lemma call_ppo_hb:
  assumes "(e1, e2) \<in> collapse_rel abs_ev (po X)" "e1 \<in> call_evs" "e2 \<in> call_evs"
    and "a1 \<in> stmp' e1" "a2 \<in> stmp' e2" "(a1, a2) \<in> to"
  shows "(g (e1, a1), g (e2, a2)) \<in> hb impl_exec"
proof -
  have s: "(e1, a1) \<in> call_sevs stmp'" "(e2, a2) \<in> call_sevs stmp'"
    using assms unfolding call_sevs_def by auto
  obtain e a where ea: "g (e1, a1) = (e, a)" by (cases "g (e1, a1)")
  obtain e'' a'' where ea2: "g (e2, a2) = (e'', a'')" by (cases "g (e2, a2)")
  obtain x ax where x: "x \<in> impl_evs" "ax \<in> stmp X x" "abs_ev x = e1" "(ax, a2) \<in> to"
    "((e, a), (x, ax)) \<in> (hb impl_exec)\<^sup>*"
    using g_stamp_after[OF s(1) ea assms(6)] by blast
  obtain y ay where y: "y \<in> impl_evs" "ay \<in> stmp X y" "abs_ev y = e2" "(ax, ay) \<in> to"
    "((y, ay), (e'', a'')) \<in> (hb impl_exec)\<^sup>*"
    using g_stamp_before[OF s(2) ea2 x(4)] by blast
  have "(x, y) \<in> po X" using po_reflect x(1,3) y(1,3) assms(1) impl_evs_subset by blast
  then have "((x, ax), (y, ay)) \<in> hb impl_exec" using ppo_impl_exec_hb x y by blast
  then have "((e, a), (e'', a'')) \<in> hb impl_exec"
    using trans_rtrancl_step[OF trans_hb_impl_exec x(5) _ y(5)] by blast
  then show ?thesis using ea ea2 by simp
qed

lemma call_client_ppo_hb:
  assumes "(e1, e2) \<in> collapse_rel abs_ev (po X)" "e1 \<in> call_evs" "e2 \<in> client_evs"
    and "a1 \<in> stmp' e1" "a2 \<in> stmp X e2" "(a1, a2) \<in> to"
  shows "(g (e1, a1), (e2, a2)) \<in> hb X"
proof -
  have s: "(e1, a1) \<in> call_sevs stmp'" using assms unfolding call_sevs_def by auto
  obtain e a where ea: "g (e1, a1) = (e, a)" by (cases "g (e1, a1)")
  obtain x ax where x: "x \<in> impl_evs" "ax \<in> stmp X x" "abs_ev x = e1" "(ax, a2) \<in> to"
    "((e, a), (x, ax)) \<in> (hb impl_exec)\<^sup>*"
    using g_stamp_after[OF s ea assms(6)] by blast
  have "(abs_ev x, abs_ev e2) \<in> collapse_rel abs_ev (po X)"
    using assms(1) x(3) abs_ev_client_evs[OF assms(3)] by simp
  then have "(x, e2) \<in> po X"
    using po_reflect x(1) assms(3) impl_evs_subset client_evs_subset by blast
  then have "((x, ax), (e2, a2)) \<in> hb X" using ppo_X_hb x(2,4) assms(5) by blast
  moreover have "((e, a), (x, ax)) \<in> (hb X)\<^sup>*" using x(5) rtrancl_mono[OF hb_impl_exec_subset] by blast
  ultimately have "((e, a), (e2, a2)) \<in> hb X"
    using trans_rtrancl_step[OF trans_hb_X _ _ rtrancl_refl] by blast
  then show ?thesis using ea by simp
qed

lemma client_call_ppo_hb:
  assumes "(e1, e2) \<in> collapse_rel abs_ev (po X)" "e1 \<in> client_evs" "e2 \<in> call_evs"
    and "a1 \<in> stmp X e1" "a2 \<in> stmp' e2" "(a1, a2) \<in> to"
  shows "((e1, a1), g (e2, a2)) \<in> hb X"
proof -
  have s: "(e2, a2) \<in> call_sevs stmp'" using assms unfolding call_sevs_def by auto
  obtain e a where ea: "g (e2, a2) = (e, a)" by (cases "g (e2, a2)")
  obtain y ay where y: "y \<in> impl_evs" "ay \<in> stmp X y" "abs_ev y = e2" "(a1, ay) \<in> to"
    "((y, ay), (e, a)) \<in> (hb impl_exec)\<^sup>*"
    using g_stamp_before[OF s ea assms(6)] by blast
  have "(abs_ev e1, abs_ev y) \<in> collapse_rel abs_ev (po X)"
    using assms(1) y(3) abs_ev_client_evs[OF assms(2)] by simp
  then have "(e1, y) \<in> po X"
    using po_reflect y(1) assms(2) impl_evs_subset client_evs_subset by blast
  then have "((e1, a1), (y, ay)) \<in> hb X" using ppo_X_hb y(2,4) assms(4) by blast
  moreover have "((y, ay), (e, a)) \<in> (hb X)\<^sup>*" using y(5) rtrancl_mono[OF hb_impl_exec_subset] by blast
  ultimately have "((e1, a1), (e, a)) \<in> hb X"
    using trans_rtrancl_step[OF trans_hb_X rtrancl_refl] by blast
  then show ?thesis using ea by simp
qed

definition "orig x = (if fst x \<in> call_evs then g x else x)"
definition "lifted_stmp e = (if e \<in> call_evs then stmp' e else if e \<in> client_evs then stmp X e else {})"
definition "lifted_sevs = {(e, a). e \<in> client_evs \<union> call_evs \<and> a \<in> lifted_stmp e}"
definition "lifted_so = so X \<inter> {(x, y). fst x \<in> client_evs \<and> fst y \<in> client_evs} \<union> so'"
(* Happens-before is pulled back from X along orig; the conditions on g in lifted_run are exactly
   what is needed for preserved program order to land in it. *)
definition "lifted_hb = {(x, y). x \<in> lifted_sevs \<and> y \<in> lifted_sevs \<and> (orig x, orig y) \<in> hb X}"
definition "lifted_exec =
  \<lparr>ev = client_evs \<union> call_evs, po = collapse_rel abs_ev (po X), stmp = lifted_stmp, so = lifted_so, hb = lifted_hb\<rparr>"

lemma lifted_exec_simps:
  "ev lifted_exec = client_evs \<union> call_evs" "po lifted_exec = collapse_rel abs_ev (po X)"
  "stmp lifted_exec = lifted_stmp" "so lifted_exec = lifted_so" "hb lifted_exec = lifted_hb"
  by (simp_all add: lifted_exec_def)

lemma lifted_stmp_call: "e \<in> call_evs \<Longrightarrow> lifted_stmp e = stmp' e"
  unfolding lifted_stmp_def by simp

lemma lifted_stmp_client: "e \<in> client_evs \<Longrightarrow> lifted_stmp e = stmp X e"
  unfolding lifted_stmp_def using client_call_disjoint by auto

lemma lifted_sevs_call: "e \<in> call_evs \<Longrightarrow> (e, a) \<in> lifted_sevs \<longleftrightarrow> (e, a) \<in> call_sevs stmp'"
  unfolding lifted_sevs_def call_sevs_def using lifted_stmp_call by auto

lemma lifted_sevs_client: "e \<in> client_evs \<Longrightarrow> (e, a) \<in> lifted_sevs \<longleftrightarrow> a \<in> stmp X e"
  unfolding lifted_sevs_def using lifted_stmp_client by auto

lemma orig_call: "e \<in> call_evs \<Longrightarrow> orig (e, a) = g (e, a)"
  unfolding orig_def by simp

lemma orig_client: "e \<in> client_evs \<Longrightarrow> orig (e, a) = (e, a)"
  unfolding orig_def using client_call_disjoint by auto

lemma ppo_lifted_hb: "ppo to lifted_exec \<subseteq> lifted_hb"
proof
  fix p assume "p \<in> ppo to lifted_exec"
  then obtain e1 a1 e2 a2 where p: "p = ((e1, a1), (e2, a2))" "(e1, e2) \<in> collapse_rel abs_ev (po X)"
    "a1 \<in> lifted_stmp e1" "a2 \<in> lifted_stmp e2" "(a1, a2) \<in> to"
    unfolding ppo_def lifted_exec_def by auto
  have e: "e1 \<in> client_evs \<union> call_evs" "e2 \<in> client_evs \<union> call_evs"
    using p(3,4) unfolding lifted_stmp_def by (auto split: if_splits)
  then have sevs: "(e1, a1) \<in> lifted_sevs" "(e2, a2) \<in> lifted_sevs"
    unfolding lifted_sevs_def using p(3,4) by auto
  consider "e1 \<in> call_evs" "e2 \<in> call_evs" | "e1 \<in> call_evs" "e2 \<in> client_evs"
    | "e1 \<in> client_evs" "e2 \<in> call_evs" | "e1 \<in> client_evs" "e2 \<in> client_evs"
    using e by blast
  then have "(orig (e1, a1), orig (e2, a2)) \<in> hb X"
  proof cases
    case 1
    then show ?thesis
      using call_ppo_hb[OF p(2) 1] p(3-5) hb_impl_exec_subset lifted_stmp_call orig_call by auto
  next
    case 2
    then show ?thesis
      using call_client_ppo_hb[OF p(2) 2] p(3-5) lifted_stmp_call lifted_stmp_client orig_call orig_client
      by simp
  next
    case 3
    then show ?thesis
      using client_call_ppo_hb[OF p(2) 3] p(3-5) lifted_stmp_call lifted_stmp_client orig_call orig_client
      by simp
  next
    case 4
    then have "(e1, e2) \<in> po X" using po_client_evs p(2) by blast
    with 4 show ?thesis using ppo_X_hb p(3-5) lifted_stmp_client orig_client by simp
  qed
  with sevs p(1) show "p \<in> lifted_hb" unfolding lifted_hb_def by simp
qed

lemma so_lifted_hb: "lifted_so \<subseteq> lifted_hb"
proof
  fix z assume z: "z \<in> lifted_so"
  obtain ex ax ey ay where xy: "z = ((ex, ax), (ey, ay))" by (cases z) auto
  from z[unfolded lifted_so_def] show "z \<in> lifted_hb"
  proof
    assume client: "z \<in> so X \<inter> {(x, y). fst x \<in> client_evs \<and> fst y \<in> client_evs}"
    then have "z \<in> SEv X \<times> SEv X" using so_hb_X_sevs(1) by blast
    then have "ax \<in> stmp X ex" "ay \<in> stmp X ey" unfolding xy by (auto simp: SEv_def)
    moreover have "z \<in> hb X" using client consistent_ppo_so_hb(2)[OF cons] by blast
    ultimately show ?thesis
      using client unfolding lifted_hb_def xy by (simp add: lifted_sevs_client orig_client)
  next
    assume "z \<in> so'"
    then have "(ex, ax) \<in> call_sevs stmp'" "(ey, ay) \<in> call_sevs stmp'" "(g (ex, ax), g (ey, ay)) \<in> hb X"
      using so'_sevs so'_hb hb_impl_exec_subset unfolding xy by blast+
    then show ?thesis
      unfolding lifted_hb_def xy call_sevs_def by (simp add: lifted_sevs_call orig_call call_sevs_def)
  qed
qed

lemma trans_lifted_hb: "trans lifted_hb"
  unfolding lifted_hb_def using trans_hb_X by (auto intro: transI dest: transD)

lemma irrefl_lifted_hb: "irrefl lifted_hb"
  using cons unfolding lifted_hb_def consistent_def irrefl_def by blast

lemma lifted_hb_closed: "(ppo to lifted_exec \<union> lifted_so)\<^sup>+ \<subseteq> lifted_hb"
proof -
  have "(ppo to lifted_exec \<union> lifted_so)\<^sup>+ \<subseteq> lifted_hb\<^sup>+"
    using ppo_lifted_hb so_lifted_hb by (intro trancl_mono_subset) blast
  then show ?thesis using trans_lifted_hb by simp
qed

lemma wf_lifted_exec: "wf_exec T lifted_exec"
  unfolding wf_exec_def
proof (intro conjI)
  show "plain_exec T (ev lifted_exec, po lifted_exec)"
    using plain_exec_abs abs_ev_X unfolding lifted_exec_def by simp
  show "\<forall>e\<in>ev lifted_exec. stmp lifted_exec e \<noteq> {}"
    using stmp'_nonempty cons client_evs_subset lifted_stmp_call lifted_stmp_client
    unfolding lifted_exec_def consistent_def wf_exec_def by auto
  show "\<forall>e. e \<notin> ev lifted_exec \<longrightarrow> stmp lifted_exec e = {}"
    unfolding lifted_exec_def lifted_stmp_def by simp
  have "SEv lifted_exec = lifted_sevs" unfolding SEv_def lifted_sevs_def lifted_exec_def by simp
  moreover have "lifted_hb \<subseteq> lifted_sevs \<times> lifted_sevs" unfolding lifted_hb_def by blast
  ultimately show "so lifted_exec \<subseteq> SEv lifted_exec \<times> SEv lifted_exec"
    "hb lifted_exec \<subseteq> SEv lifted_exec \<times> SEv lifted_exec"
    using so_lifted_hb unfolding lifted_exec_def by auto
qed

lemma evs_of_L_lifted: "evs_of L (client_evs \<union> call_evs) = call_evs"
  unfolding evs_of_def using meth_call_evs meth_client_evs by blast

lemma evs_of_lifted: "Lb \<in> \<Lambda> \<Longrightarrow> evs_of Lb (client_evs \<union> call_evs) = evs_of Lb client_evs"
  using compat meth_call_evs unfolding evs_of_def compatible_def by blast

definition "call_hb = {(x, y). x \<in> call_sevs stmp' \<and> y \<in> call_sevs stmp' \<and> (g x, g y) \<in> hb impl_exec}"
○ ○ ○
* _Your assignment_
Retype, exactly and in full, the listing from its first line to the one holding "obtain e'' a''", both included.

* _Exercise output_
lemma call_ppo_hb:
  assumes "(e1, e2) \<in> collapse_rel abs_ev (po X)" "e1 \<in> call_evs" "e2 \<in> call_evs"
    and "a1 \<in> stmp' e1" "a2 \<in> stmp' e2" "(a1, a2) \<in> to"
  shows "(g (e1, a1), g (e2, a2)) \<in> hb impl_exec"
proof -
  have s: "(e1, a1) \<in> call_sevs stmp'" "(e2, a2) \<in> call_sevs stmp'"
    using assms unfolding call_sevs_def by auto
  obtain e a where ea: "g (e1, a1) = (e, a)" by (cases "g (e1, a1)")
  obtain e'' a'' where ea2: "g (e2, a2) = (e'', a'')" by (cases "g (e2, a2)")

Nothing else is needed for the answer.